0

Regular expressions in PHP (PCRE) — syntax and common patterns

Intermediate5 min read·php-03-005
interview

Concept

PHP uses the PCRE (Perl-Compatible Regular Expressions) library for all regex operations. PCRE patterns are delimiters + pattern + modifiers — the delimiter can be any non-alphanumeric character (most commonly /, #, ~, or @). Using # or ~ is useful when matching URLs to avoid escaping every /.

Core syntax: . matches any char except newline, * zero-or-more, + one-or-more, ? zero-or-one, {n,m} range quantifiers. ^ anchors to start, $ to end. Character classes [abc], negated [^abc]. Shorthand: \d digit, \w word char, \s whitespace, and their uppercase negations \D, \W, \S. Parentheses capture; (?:...) non-capturing group.

Modifiers: i case-insensitive, m multi-line (^/$ match line boundaries), s dotall (. matches newline too), u UTF-8 mode (critical for non-ASCII input), x extended (whitespace ignored, allows comments).

Lookaheads and lookbehinds: (?=...) positive lookahead, (?!...) negative lookahead, (?<=...) lookbehind. These assert context without consuming characters.
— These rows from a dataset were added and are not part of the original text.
(* If $M\preceq N$ are two non-quasianalytic weight sequences, then $L(M)\preceq L(N)$ and $\underline L(M)\preceq\underline L(N)$.
   Context: A weight sequence is $M=(M_k)_{k\ge0}$ with $M_k=\mu_0\cdots\mu_k$, $1=\mu_0\le\mu_1\le\cdots$, $\mu_k\to\infty$; non-quasianalytic if $\sum1/\mu_k<\infty$. For positive sequences, $M\preceq N$ means $\sup_{k\ge1}(M_k/N_k)^{1/k}<\infty$. $L(M)_0=1$, $L(M)_k=\min_{0\le j<k}\big(k/\sum_{\ell\ge k}\mu_\ell^{-1}\big)^{k-j}M_j$ for $k\ge1$. For a positive sequence $P$ with $P_k^{1/k}\to\infty$, $\omega_P(t)=\sup_k\log(t^kP_0/P_k)$ and its log-convex minorant is $\underline P_k=P_0\sup_{t\ge0}t^ke^{-\omega_P(t)}$; $\underline L(M)$ is the log-convex minorant of $L(M)$. *)

theory Defs
  imports "HOL-Analysis.Analysis"
begin

definition weight_seq :: "(nat \<Rightarrow> real) \<Rightarrow> bool" where
  "weight_seq M \<longleftrightarrow> (\<exists>mu :: nat \<Rightarrow> real. mu 0 = 1 \<and> mono mu \<and>
      filterlim mu at_top sequentially \<and> (\<forall>k. M k = (\<Prod>j\<le>k. mu j)))"

definition wmu :: "(nat \<Rightarrow> real) \<Rightarrow> nat \<Rightarrow> real" where
  "wmu M k = (if k = 0 then 1 else M k / M (k - 1))"

definition non_quasianalytic :: "(nat \<Rightarrow> real) \<Rightarrow> bool" where
  "non_quasianalytic M \<longleftrightarrow> summable (\<lambda>k. 1 / wmu M k)"

definition seq_preceq :: "(nat \<Rightarrow> real) \<Rightarrow> (nat \<Rightarrow> real) \<Rightarrow> bool" where
  "seq_preceq M N \<longleftrightarrow> bdd_above {(M k / N k) powr (1 / real k) | k. k \<ge> 1}"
Greedy vs lazy: quantifiers are greedy by default (match as much as possible). Append ? to make them lazy (*?, +?). Classic mistake: using <.+> to match HTML tags — it matches from the first < to the LAST > in the string.

Code Example

php
<?php
declare(strict_types=1);

// Email validation pattern
$emailPattern = '/^[a-zA-Z0-9._%+\-]+@[a-zA-Z0-9.\-]+\.[a-zA-Z]{2,}$/i';
var_dump(preg_match($emailPattern, 'user@example.com')); // int(1)
var_dump(preg_match($emailPattern, 'not-an-email'));      // int(0)

// Capture groups
$datePattern = '/^(\d{4})-(\d{2})-(\d{2})$/';
if (preg_match($datePattern, '2024-01-15', $matches)) {
    [$full, $year, $month, $day] = $matches;
    echo "$day/$month/$year"; // "15/01/2024"
}

// Named captures — more readable than positional
$pattern = '/^(?P<year>\d{4})-(?P<month>\d{2})-(?P<day>\d{2})$/';
preg_match($pattern, '2024-01-15', $m);
echo $m['year'];  // "2024"
echo $m['month']; // "01"

// UTF-8 mode — REQUIRED for non-ASCII matching
$text = 'Héllo wörld';
preg_match_all('/\w+/u', $text, $words); // /u enables UTF-8
print_r($words[0]); // ["Héllo", "wörld"] — correct

// Without /u: \w doesn't match multi-byte chars
preg_match_all('/\w+/', $text, $words_broken);
// May miss or split multi-byte characters

// Greedy vs lazy
$html = '<b>bold</b> and <b>more</b>';
preg_match('/<.+>/', $html, $greedy);   // "<b>bold</b> and <b>more</b>" — too much
preg_match('/<.+?>/', $html, $lazy);    // "<b>" — just the first tag

// Lookahead — match word followed by a digit (without consuming the digit)
preg_match_all('/\w+(?=\d)/', 'php8 laravel11', $m);
// ["php", "laravel"]

// URL-friendly delimiter to avoid escaping slashes
$url = 'https://example.com/path/to/page';
preg_match('#https?://([^/]+)(.*)#', $url, $m);
echo $m[1]; // "example.com"
echo $m[2]; // "/path/to/page"